Of course, I think it's a lot more likely that she either didn't advocate action on Rwanda at all, or did so only in passing. If so, this would have to be the definitive example of her attempt to claim responsibility for everything good that happened during her husband's presidency, while disavowing all responsibility for his mistakes. This was, in my opinion, the most shameful moment of the Clinton administration. It ought, by rights, to have a place in Hillary Clinton's "thirty five years of experience working for change." Or perhaps she might claim that she wasn't that interested in foreign policy at the time, or that for whatever reason she just didn't pick up on the genocide in Rwanda until it was too late to act. That would at least be honest.
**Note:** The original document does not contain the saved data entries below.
(* Assume Hypothesis (H). Let $\mathfrak k$ be a Lie subalgebra of $\mathfrak g$ with $\mathfrak h\subsetneq\mathfrak k$, let $\mathfrak k_1,\dots,\mathfrak k_r$ ($r\ge1$) be all the maximal Lie subalgebras of $\mathfrak k$ containing $\mathfrak h$ as a proper subset, and put $\mathfrak l_i=\mathfrak k\ominus\mathfrak k_i$. Let $\Theta(\mathfrak k)$ be the class of $\mathrm{Ad}(H)$-invariant proper subspaces $\mathfrak u\subsetneq\mathfrak k\ominus\mathfrak h$ with $\mathfrak u\cap\mathfrak l_i\neq\{0\}$ for every $i=1,\dots,r$. Define $\theta=\inf\{\langle\mathfrak u\mathfrak u\mathfrak q\rangle:\mathfrak u\in\Theta(\mathfrak k),\ \mathfrak q=\mathfrak k\ominus(\mathfrak u\oplus\mathfrak h)\}$ if $\Theta(\mathfrak k)\ne\emptyset$, and $\theta=1$ otherwise. Then $\theta>0$.
   Context: Let $G$ be a compact connected Lie group with Lie algebra $\mathfrak g$ and $H<G$ a closed connected subgroup with Lie algebra $\mathfrak h$; $M=G/H$, $\dim M\ge3$. Fix an $\mathrm{Ad}(G)$-invariant inner product $Q$ on $\mathfrak g$; $\mathfrak v\ominus\mathfrak u$ is the $Q$-orthogonal complement, $\pi_{\mathfrak u}$ the $Q$-orthogonal projection, $\oplus$ the $Q$-orthogonal sum; $\mathfrak m=\mathfrak g\ominus\mathfrak h$. For $\mathrm{Ad}(H)$-invariant $\mathfrak u,\mathfrak v,\mathfrak w\subset\mathfrak m$, $\langle\mathfrak u\mathfrak v\mathfrak w\rangle=\sum_{a,b}Q(\pi_{\mathfrak u}[e_a,f_b],\pi_{\mathfrak u}[e_a,f_b])$ with $(e_a),(f_b)$ $Q$-orthonormal bases of $\mathfrak v,\mathfrak w$ ($0$ if a space is zero). Hypothesis (H): every Lie subalgebra $\mathfrak s\subset\mathfrak g$ with $\mathfrak h\subsetneq\mathfrak s$ satisfies (1) for all nonzero $\mathrm{Ad}(H)$-invariant subspaces $\mathfrak u\subset\mathfrak s\ominus\mathfrak h$ and $\mathfrak v\subset\mathfrak g\ominus\mathfrak s$, the representations $\mathrm{Ad}(H)|_{\mathfrak u}$ and $\mathrm{Ad}(H)|_{\mathfrak v}$ are inequivalent; (2) $[\mathfrak r,\mathfrak s]\neq\{0\}$ for every $\mathrm{Ad}(H)$-invariant one-dimensional subspace $\mathfrak r\subset\mathfrak g\ominus\mathfrak s$. *)

theory Defs
  imports "HOL-Analysis.Analysis"
begin

text \<open>The Lie algebra g is modelled as a finite-dimensional real inner product space
  'g (type class euclidean_space), whose inner product plays the role of Q, together
  with a bracket br.\<close>

definition compact_lie_algebra :: "('g::euclidean_space \<Rightarrow> 'g \<Rightarrow> 'g) \<Rightarrow> bool" where
  "compact_lie_algebra br \<longleftrightarrow>
     (\<forall>x. linear (br x)) \<and> (\<forall>y. linear (\<lambda>x. br x y)) \<and>
     (\<forall>x y. br x y = - br y x) \<and>
     (\<forall>x y z. br x (br y z) + br y (br z x) + br z (br x y) = 0) \<and>
     (\<forall>x y z. inner (br x y) z = - inner y (br x z))"
  (* the last condition: Q is ad-invariant (infinitesimal form of Ad(G)-invariance) *)

definition lie_subalgebra :: "('g::euclidean_space \<Rightarrow> 'g \<Rightarrow> 'g) \<Rightarrow> 'g set \<Rightarrow> bool" where
  "lie_subalgebra br s \<longleftrightarrow> subspace s \<and> (\<forall>x\<in>s. \<forall>y\<in>s. br x y \<in> s)"

definition ominus :: "'g::euclidean_space set \<Rightarrow> 'g set \<Rightarrow> 'g set" where
  "ominus v u = {x\<in>v. \<forall>y\<in>u. inner x y = 0}"

text \<open>Q-orthogonal sum  u \<oplus> w  (used only for mutually orthogonal subspaces).\<close>
definition osum :: "'g::euclidean_space set \<Rightarrow> 'g set \<Rightarrow> 'g set" where
  "osum u w = {x + y | x y. x \<in> u \<and> y \<in> w}"

definition proj :: "'g::euclidean_space set \<Rightarrow> 'g \<Rightarrow> 'g" where
  "proj u x = (THE p. p \<in> u \<and> (\<forall>y\<in>u. inner (x - p) y = 0))"

definition orthonormal_basis :: "'g::euclidean_space set \<Rightarrow> 'g set \<Rightarrow> bool" where
  "orthonormal_basis B V \<longleftrightarrow> finite B \<and> B \<subseteq> V \<and> span B = V \<and>
     pairwise orthogonal B \<and> (\<forall>b\<in>B. norm b = 1)"

text \<open>The bracket  <u v w>  (independent of the choice of orthonormal bases;
  it is 0 when v or w is zero since the bases are then empty).\<close>
definition triple :: "('g::euclidean_space \<Rightarrow> 'g \<Rightarrow> 'g) \<Rightarrow> 'g set \<Rightarrow> 'g set \<Rightarrow> 'g set \<Rightarrow> real" where
  "triple br u v w =
     (\<Sum>e\<in>(SOME B. orthonormal_basis B v). \<Sum>f\<in>(SOME C. orthonormal_basis C w).
        inner (proj u (br e f)) (proj u (br e f)))"

text \<open>Ad(H)-invariance, H connected with Lie algebra h, i.e. ad(h)-invariance.\<close>
definition invariant :: "('g::euclidean_space \<Rightarrow> 'g \<Rightarrow> 'g) \<Rightarrow> 'g set \<Rightarrow> 'g set \<Rightarrow> bool" where
  "invariant br h u \<longleftrightarrow> subspace u \<and> (\<forall>x\<in>h. \<forall>y\<in>u. br x y \<in> u)"

text \<open>Equivalence of the representations of H (equivalently of h, H connected) on u and v.\<close>
definition equivalent_reps :: "('g::euclidean_space \<Rightarrow> 'g \<Rightarrow> 'g) \<Rightarrow> 'g set \<Rightarrow> 'g set \<Rightarrow> 'g set \<Rightarrow> bool" where
  "equivalent_reps br h u v \<longleftrightarrow>
     (\<exists>T. linear T \<and> bij_betw T u v \<and> (\<forall>x\<in>h. \<forall>y\<in>u. T (br x y) = br x (T y)))"

definition hypothesis_H :: "('g::euclidean_space \<Rightarrow> 'g \<Rightarrow> 'g) \<Rightarrow> 'g set \<Rightarrow> bool" where
  "hypothesis_H br h \<longleftrightarrow>
     (\<forall>s. lie_subalgebra br s \<and> h \<subset> s \<longrightarrow>
        (\<forall>u v. invariant br h u \<and> u \<noteq> {0} \<and> u \<subseteq> ominus s h \<and>
               invariant br h v \<and> v \<noteq> {0} \<and> v \<subseteq> ominus UNIV s \<longrightarrow>
               \<not> equivalent_reps br h u v) \<and>
        (\<forall>r. invariant br h r \<and> dim r = 1 \<and> r \<subseteq> ominus UNIV s \<longrightarrow>
               (\<exists>x\<in>r. \<exists>y\<in>s. br x y \<noteq> 0)))"

definition max_subalgebras :: "('g::euclidean_space \<Rightarrow> 'g \<Rightarrow> 'g) \<Rightarrow> 'g set \<Rightarrow> 'g set \<Rightarrow> 'g set set" where
  "max_subalgebras br h k = {s. lie_subalgebra br s \<and> s \<subset> k \<and> h \<subset> s \<and>
      (\<forall>t. lie_subalgebra br t \<and> s \<subseteq> t \<and> t \<subset> k \<longrightarrow> t = s)}"

definition Theta :: "('g::euclidean_space \<Rightarrow> 'g \<Rightarrow> 'g) \<Rightarrow> 'g set \<Rightarrow> 'g set \<Rightarrow> 'g set set" where
  "Theta br h k = {u. invariant br h u \<and> u \<subset> ominus k h \<and>
      (\<forall>s\<in>max_subalgebras br h k. u \<inter> ominus k s \<noteq> {0})}"

definition theta :: "('g::euclidean_space \<Rightarrow> 'g \<Rightarrow> 'g) \<Rightarrow> 'g set \<Rightarrow> 'g set \<Rightarrow> real" where
  "theta br h k = (if Theta br h k = {} then 1
     else Inf {triple br u u (ominus k (osum u h)) | u. u \<in> Theta br h k})"

end

theory Submission
  imports Defs
begin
But if, in fact, Clinton missed the chance to urge her husband to help stop the Rwandan genocide, then she should not pretend that she was, in fact, right there on the side of the angels all along. That's just grotesque."
Bold is mine.







Comments (4)
What's really grotesque is what Obama's senior foreign policy advisor asked a meeting convened to discuss the genocide in Rwanda: "What's it mean for the mid-term congressional elections?" Ironically, you'll find this account in Samantha Power's fantastic book, A Problem From Hell. You'll also find within those pages Tony Lake (another Obama advisor) calling it a "sideshow." Hillary's foreign policy team would be lead by Richard Holbrooke, a guy who has actually stopped a genocide, not looked the other way.
March 8, 2008 8:36 PM | Reply | Permalink
While there is some value to knowing what an advisor might think, it's ultimately the candidate or the president who's responsible.
I don't see how your response adds any insight into Hillary's claim of advocating policy in Rwanda when she didn't or she did so poorly out of sight of any meetings on the subject.
The point of the post and my linking it here is questioning her actual foreign policy experience and to ask why she would continue to bring things up that don't back up her claims. Has anything she said been borne out under scrutiny? If I was 'hiring' her as she keeps asking us to consider it a hiring action, this whole line of resume padding would get her turned down for the job, and maybe even fired if it turned up after she was hired.
March 8, 2008 9:01 PM | Reply | Permalink
bill clinton had the chance to do something about rwanda. but they failed.
and you are so misinformed if you're going to characterize holbrooke as 'stopping a genocide'.
Holbrooke was complicit in Indonesia’s campaign of genocide against East Timor.
March 8, 2008 9:25 PM | Reply | Permalink
Uh, it adds insight because the two people most responsible for advising the president on policy, Lake as NSA and Rice as his top advisor on Africa, advised him to do nothing and they're now Obama's top advisors. Bill Clinton has gone to Rwanda and apologized, what about Rice and Lake? Holbrooke almost single-handedly forced a peace agreement (you can read about this in Power's book, as well numerous articles and books on the Dayton Accords) in the Balkans and is in no way remotely complicity in East Timor. If you're going to spout crap, back it up with facts.